Jacques Ellul (1912-1994) was an eminent French sociologist and theologian who wrote nearly a thousand articles and about fifty books which have been translated into 12 languages. He was largely concerned with technological progress and its effects on politics and society.

His most important secular works in English include:

The Technological Society

Propaganda

The Political Illusion

Ellul got his doctorate in 1936 and went on to teach at the Faculty of Law in Montpellier. He also taught in Strasbourg and Clermont-Ferrand. After he was dismissed from his post by the Vichy Government, he became active in the French Resistance in 1940 as a potato farmer. For the most part, he avoided party politics.

He claimed to have had a vision in which God appeared to him in 1930. He never discussed the vision further, other than to say that was the reason for his Christian beliefs. He believed and advocated non-violence and rejected nationalism. He was active in Christian and ecological groups.

Aldous Huxley (author of Brave New World among other titles) promoted Ellul's books and views and Ellul acquired some notoriety in American universities beginning in the mid-1960s.

While I don't care for Ellul's religious writings, I think his secular books are as timely and relevant today (if not more so) as when they were first published.

He was born and died in Bordeaux, France.

Quotes from the Political Illusion:

1. …the country that arms on a grand scale is the one that continually talks of peace and keeps showing the dove and the olive branch; and it is the dictator with his police and party organization who will stimulate his most fervent zealots to make speeches to the effect that freedom has finally been assured and democracy has finally been realized.

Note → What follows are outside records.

lemma exp_le_growth_term:
  assumes "\<delta> < \<delta>'" "\<delta>' < 1" "1 \<le> cp" "y \<le> 6 * (real n * x) * c / (\<delta>' - \<delta>)"
  shows "2 * (\<delta> * exp y) / real n \<le> growth_term n \<delta>' cp"
proof -
  have "\<delta>' \<le> \<delta>' / (1 - \<delta>')"
    using assms(1,2) delta_pos by (simp add: le_divide_eq mult_le_cancel_left1)
  then have "\<delta> \<le> \<delta>' / (1 - \<delta>')"
    using assms(1) by linarith
  moreover have "y \<le> 6 * (real n * x) * cp * c / (\<delta>' - \<delta>)"
  proof -
    have "6 * (real n * x) * c \<le> 6 * (real n * x) * cp * c"
      using mult_left_mono[OF assms(3), of "6 * (real n * x) * c"] x_nonneg c_gt_1
      by (simp add: mult_ac)
    then show ?thesis
      using assms(1) by (intro order_trans[OF assms(4)] divide_right_mono) auto
  qed
  ultimately have "\<delta> * exp y \<le> \<delta>' / (1 - \<delta>') * exp (6 * (real n * x) * cp * c / (\<delta>' - \<delta>))"
    using delta_pos by (intro mult_mono) auto
  then show ?thesis
    unfolding growth_term_alt by (rule divide_right_mono[OF mult_left_mono]) auto
qed

lemma base_growth_le_growth_term:
  assumes "\<delta> < \<delta>'" "\<delta>' < 1" "1 \<le> cp"
  shows "2 * base_growth n \<le> growth_term n \<delta>' cp"
proof -
  have "\<delta> / (1 - \<delta>) \<le> \<delta>' / (1 - \<delta>')"
    using assms delta_pos by (intro frac_le) auto
  moreover have "6 * c * (real n * x) / (1 - \<delta>) \<le> 6 * (real n * x) * cp * c / (\<delta>' - \<delta>)"
  proof -
    have "6 * c * (real n * x) / (1 - \<delta>) \<le> 6 * c * (real n * x) / (\<delta>' - \<delta>)"
      using assms x_nonneg c_gt_1 by (intro divide_left_mono) auto
    also have "\<dots> \<le> 6 * (real n * x) * cp * c / (\<delta>' - \<delta>)"
      using mult_left_mono[OF assms(3), of "6 * (real n * x) * c"] assms x_nonneg c_gt_1
      by (intro divide_right_mono) (simp_all add: mult_ac)
    finally show ?thesis .
  qed
  ultimately have "\<delta> / (1 - \<delta>) * exp (6 * c * (real n * x) / (1 - \<delta>))
      \<le> \<delta>' / (1 - \<delta>') * exp (6 * (real n * x) * cp * c / (\<delta>' - \<delta>))"
    using assms delta_pos delta_less_1 by (intro mult_mono) auto
  then have "2 * (\<delta> / (1 - \<delta>) * exp (6 * c * (real n * x) / (1 - \<delta>))) / real n
      \<le> growth_term n \<delta>' cp"
    unfolding growth_term_alt by (rule divide_right_mono[OF mult_left_mono]) auto
  then show ?thesis
    by (simp add: base_growth_def)
qed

2. Freedom always confronts the individual with painful contradictions and with responsibilities that he must exercise in the face of choices and risks. The individual never likes that; he much prefers a necessary, inevitable, clear course: in this way at least no time is lost in deliberation, and there is no binding responsibility. The individual is always ready to submit to necessity, as long as freedom’s vocabulary is preserved, so that he can equate his servile obedience with the glorious exercise of a free, personal choice.